Others, both Faculty and students,
will be given an opportunity to let
their opinions be known to the
Committee by a questionnaire that
will be distributed to all Faculty
and all fourth-year students within
the next few weeks. We hope that
all the recipients of the questionnaire
will complete it and return it
to us within a week.
Dean of the College
Number Two
An important discovery felt to
be of great importance to the entire
University community has recently
been made by a group of graduate
students in Emmet House. Contrary
to all indications and beliefs (yes,
beliefs!) the rooms on the Lawns
and Ranges are no longer recognized
by administrators within the
Housing Office as the most prestigious
accommodations on the
Grounds.

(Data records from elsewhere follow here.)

(* Let $p\ge 4$ and let $\langle S_0,S_1,\dots,S_p,S_{p+1}\rangle$ be a partition of $V$ with $S_0=\{0\}$, $S_{p+1}=\{n\}$, and $|S_i|\ge 2$ for $i=1,\dots,p$ (so in particular $p\le n-1$). The jump inequality $$\sum_{i=0}^{p-1}\sum_{j=i+2}^{p+1}x((S_i:S_j))-x((S_{p-1}\cup S_p:S_1\cup S_2))\ge 1$$ is valid for $P^p_{0,n}(D)$ and defines a facet of $P^p_{0,n}(D)$.
   Context: Let $n$ be a positive integer, $V=\{0,1,\dots,n\}$, and let $D=(V,A)$ be the digraph whose arc set $A$ consists of all ordered pairs $(i,j)$ with $i\neq j$, $i,j\in V$, except that no arc enters node $0$, no arc leaves node $n$, and the arc $(0,n)$ is absent. A $(0,n)$-$p$-path is a simple directed path in $D$ from $0$ to $n$ with exactly $p$ arcs. $P^p_{0,n}(D)\subseteq\mathbb{R}^A$ is the convex hull of the incidence vectors of all $(0,n)$-$p$-paths. For $F\subseteq A$, $x(F)=\sum_{(i,j)\in F}x_{ij}$. For node sets $S,T$, $(S:T)=\{(i,j)\in A: i\in S, j\in T\}$. *)

theory Defs
  imports "HOL-Analysis.Analysis" "HOL-Library.Function_Algebras"
begin

text \<open>Real-valued functions on an arbitrary index type form a real vector space
  (pointwise operations). Points of R^A are represented as functions on arc pairs
  that vanish outside A.\<close>

instantiation "fun" :: (type, real_vector) real_vector
begin
definition scaleR_fun :: "real \<Rightarrow> ('a \<Rightarrow> 'b) \<Rightarrow> 'a \<Rightarrow> 'b" where
  "scaleR_fun c f = (\<lambda>x. c *\<^sub>R f x)"
instance
  by standard (auto simp: scaleR_fun_def fun_eq_iff scaleR_add_right scaleR_add_left)
end

definition arcs :: "nat \<Rightarrow> (nat \<times> nat) set" where
  "arcs n = {(i, j). i \<le> n \<and> j \<le> n \<and> i \<noteq> j \<and> j \<noteq> 0 \<and> i \<noteq> n \<and> (i, j) \<noteq> (0, n)}"

definition arcs_between :: "nat \<Rightarrow> nat set \<Rightarrow> nat set \<Rightarrow> (nat \<times> nat) set" where
  "arcs_between n S T = {(i, j) \<in> arcs n. i \<in> S \<and> j \<in> T}"

definition xsum :: "((nat \<times> nat) \<Rightarrow> real) \<Rightarrow> (nat \<times> nat) set \<Rightarrow> real" where
  "xsum x F = (\<Sum>a\<in>F. x a)"

definition is_pPath :: "nat \<Rightarrow> nat \<Rightarrow> nat list \<Rightarrow> bool" where
  "is_pPath n p vs \<longleftrightarrow> length vs = p + 1 \<and> distinct vs \<and> hd vs = 0 \<and> last vs = n \<and>
     (\<forall>k<p. (vs ! k, vs ! (k + 1)) \<in> arcs n)"

definition incidence :: "nat list \<Rightarrow> (nat \<times> nat) \<Rightarrow> real" where
  "incidence vs = (\<lambda>a. if a \<in> set (zip vs (tl vs)) then 1 else 0)"

definition pathPolytope :: "nat \<Rightarrow> nat \<Rightarrow> ((nat \<times> nat) \<Rightarrow> real) set" where
  "pathPolytope n p = convex hull {incidence vs | vs. is_pPath n p vs}"

definition adim :: "('a::real_vector) set \<Rightarrow> int" where
  "adim S = (if S = {} then -1 else int (dim {x - y | x y. x \<in> S \<and> y \<in> S}))"

definition is_facet :: "('a::real_vector) set \<Rightarrow> 'a set \<Rightarrow> bool" where
  "is_facet F P \<longleftrightarrow> F face_of P \<and> adim F = adim P - 1"

definition jump_lhs :: "nat \<Rightarrow> nat \<Rightarrow> (nat \<Rightarrow> nat set) \<Rightarrow> ((nat \<times> nat) \<Rightarrow> real) \<Rightarrow> real" where
  "jump_lhs n p S x =
     (\<Sum>i<p. \<Sum>j\<in>{i+2..p+1}. xsum x (arcs_between n (S i) (S j)))
     - xsum x (arcs_between n (S (p - 1) \<union> S p) (S 1 \<union> S 2))"

end

theory Submission
  imports Defs
begin

text \<open>
  Validity: a \<open>(0,n)\<close>-\<open>p\<close>-path has \<open>p\<close> arcs to climb from layer \<open>0\<close> to layer \<open>p + 1\<close>.
  Tracking whether the path is ahead of the schedule of one layer per arc shows that its jump
  count (arcs skipping at least one layer, minus arcs from \<open>S (p - 1) \<union> S p\<close> back to
  \<open>S 1 \<union> S 2\<close>) is at least 1.

  Facet: tight and non-tight paths exist, so it suffices that every linear functional which is
  constant on the tight path vectors is an affine function of the jump functional on all path
  vectors. Such a functional is an arc weight; normalising it by a node potential, a constant
  per arc and a multiple of the jump coefficients makes it vanish on a spanning tree and on two
  further arcs, and comparing suitable tight paths then shows that it vanishes on every arc.
\<close>

section \<open>Sums over consecutive pairs\<close>

fun adj_sum :: "('a \<Rightarrow> 'a \<Rightarrow> real) \<Rightarrow> 'a list \<Rightarrow> real" where
  "adj_sum f (x # y # zs) = f x y + adj_sum f (y # zs)"
| "adj_sum f _ = 0"

lemma adj_sum_conv_sum_nth: "adj_sum f xs = (\<Sum>k<length xs - 1. f (xs ! k) (xs ! Suc k))"
proof (induction f xs rule: adj_sum.induct)
  case (1 f x y zs)
  then show ?case
    by (simp add: sum.lessThan_Suc_shift del: sum.lessThan_Suc)
qed auto

lemma adj_sum_Cons: "adj_sum f (x # ys) = (if ys = [] then 0 else f x (hd ys) + adj_sum f ys)"
  by (cases ys) auto

lemma adj_sum_append:
  "xs \<noteq> [] \<Longrightarrow> ys \<noteq> [] \<Longrightarrow> adj_sum f (xs @ ys) = adj_sum f xs + f (last xs) (hd ys) + adj_sum f ys"
  by (induction xs) (auto simp: adj_sum_Cons)

lemma adj_sum_map: "adj_sum f (map g xs) = adj_sum (\<lambda>a b. f (g a) (g b)) xs"
  by (induction "\<lambda>a b. f (g a) (g b)" xs rule: adj_sum.induct) auto

lemma adj_sum_cong:
  "(\<And>k. Suc k < length xs \<Longrightarrow> f (xs ! k) (xs ! Suc k) = g (xs ! k) (xs ! Suc k))
    \<Longrightarrow> adj_sum f xs = adj_sum g xs"
  by (simp add: adj_sum_conv_sum_nth)

lemma adj_sum_add: "adj_sum (\<lambda>a b. f a b + g a b) xs = adj_sum f xs + adj_sum g xs"
  by (induction "\<lambda>a b. f a b + g a b" xs rule: adj_sum.induct) auto

lemma adj_sum_cmult: "adj_sum (\<lambda>a b. c * f a b) xs = c * adj_sum f xs"
  by (induction "\<lambda>a b. c * f a b" xs rule: adj_sum.induct) (auto simp: algebra_simps)

lemma adj_sum_const: "adj_sum (\<lambda>a b. c) xs = c * (length xs - 1)"
  by (induction "\<lambda>(a::'a) (b::'a). c" xs rule: adj_sum.induct) (auto simp: algebra_simps)

lemma adj_sum_telescope: "xs \<noteq> [] \<Longrightarrow> adj_sum (\<lambda>a b. g b - g a) xs = g (last xs) - g (hd xs)"
  by (induction "\<lambda>a b. g b - g a" xs rule: adj_sum.induct) auto

lemma adj_sum_upt: "adj_sum f (map g [a..<b]) = (\<Sum>t = a..<b - 1. f (g t) (g (Suc t)))"
proof (induction b)
  case (Suc b)
  show ?case
  proof (cases "a < b")
    case True
    then have "adj_sum f (map g [a..<Suc b]) = adj_sum f (map g [a..<b]) + f (g (b - 1)) (g b)"
      by (simp add: adj_sum_append last_map)
    with Suc True show ?thesis
      by (cases b) (auto simp: sum.atLeastLessThan_Suc)
  qed (cases "a = b"; simp)
qed simp

section \<open>Facets of convex hulls of finite sets\<close>

lemma convex_hull_linear_ge:
  assumes "linear L" "\<And>x. x \<in> X \<Longrightarrow> b \<le> L x" "x \<in> convex hull X"
  shows "b \<le> (L x :: real)"
proof -
  have "convex hull (L ` X) \<subseteq> {b..}"
    using assms(2) by (intro hull_minimal) auto
  then show ?thesis
    using assms(3) convex_hull_linear_image[OF assms(1), of X] by auto
qed

lemma face_of_linear_level:
  assumes "convex C" "linear L" and ge: "\<And>x. x \<in> C \<Longrightarrow> b \<le> (L x :: real)"
  shows "{x \<in> C. L x = b} face_of C"
  unfolding face_of_def
proof (intro conjI ballI impI)
  have "{x \<in> C. L x = b} = C \<inter> L -` {b}" by auto
  then show "convex {x \<in> C. L x = b}"
    using assms(1,2) by (simp add: convex_Int convex_linear_vimage)
next
  fix u v x assume u: "u \<in> C" and v: "v \<in> C" and x: "x \<in> {x \<in> C. L x = b}"
    and seg: "x \<in> open_segment u v"
  obtain t where t: "0 < t" "t < 1" "x = (1 - t) *\<^sub>R u + t *\<^sub>R v"
    using seg by (auto simp: in_segment)
  have "L x = (1 - t) * L u + t * L v"
    using t(3) assms(2) by (simp add: linear_add linear_scale)
  then have "(1 - t) * (L u - b) + t * (L v - b) = 0"
    using x by (simp add: algebra_simps)
  moreover have "0 \<le> (1 - t) * (L u - b)" "0 \<le> t * (L v - b)"
    using ge u v t(1,2) by simp_all
  ultimately have "(1 - t) * (L u - b) = 0" "t * (L v - b) = 0"
    by linarith+
  then have "L u = b \<and> L v = b"
    using t(1,2) by simp
  then show "u \<in> {x \<in> C. L x = b}" "v \<in> {x \<in> C. L x = b}" using u v by auto
qed auto

lemma adim_eq_dim_translation:
  assumes "a \<in> S"
  shows "adim S = int (dim ((\<lambda>x. x - a) ` S))"
proof -
  have "span {x - y | x y. x \<in> S \<and> y \<in> S} = span ((\<lambda>x. x - a) ` S)"
  proof (rule span_eq[THEN iffD2], intro conjI subsetI)
    fix d assume "d \<in> {x - y | x y. x \<in> S \<and> y \<in> S}"
    then obtain x y where xy: "x \<in> S" "y \<in> S" and d: "d = (x - a) - (y - a)" by auto
    have "x - a \<in> span ((\<lambda>x. x - a) ` S)" "y - a \<in> span ((\<lambda>x. x - a) ` S)"
      using xy by (auto intro: span_base)
    then show "d \<in> span ((\<lambda>x. x - a) ` S)" unfolding d by (rule span_diff)
  next
    fix d assume "d \<in> (\<lambda>x. x - a) ` S"
    then show "d \<in> span {x - y | x y. x \<in> S \<and> y \<in> S}"
      using assms by (auto intro: span_base)
  qed
  then show ?thesis
    using assms unfolding adim_def by (auto dest: span_eq_dim)
qed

Their position as the
desirable housing has now (alas)
been usurped by (of all things) the
architectural monstrosity of McCormick
Road. Yes, the Housing
Office has decreed that single
rooms in Emmet House are now
worth more to a student than are
rooms in the Monroe Hill Houses or
on the Lawns and Ranges.
A simple listing of the merits of
Emmet - concrete block walls,
metal furniture, lack of curtains,
presence of roaches and noisy
weekend junior Wahoos in adjacent.
Page House - reveals that the price
of the Emmet House rooms ($374)
includes $19 a year more than-the
price of a large single on the Range
($355) for the sheer prestige of
living directly over the Housing
Office. This sum, it must be seen, is
more than enough to make the
rooms in Emmet the most expensive
housing available to male
students at Mr. Jefferson's University.
So, in conclusion, we the undersigned
residents of Emmet House
take this opportunity to inform
those men in other, previously
more highly-esteemed housing, that
they are now only NUMBER TWO!
The Housing Office has so decreed.
Grad. History
Grad. French
Grad. English
Rotten Pillars
Can you be serious in your
editorial "Take-Home Temptations"?
If someone's honor is as
tenuous as glass so that it is "bound
to give way under the strain" of
take-home tests, then the University's
Honor System is already
resting on rotten pillars. What kind
of honor can one claim who regards
taking a test in the quiet of his
room or of the library as "an
unnecessary and grueling test" of
his honor? An Honor System, it
seems, either rests on honor or it
does not exist. If it must rest on
"honor" in quotes, then it but
makes a mockery of the ideal of
honor and the concept of an honor
system.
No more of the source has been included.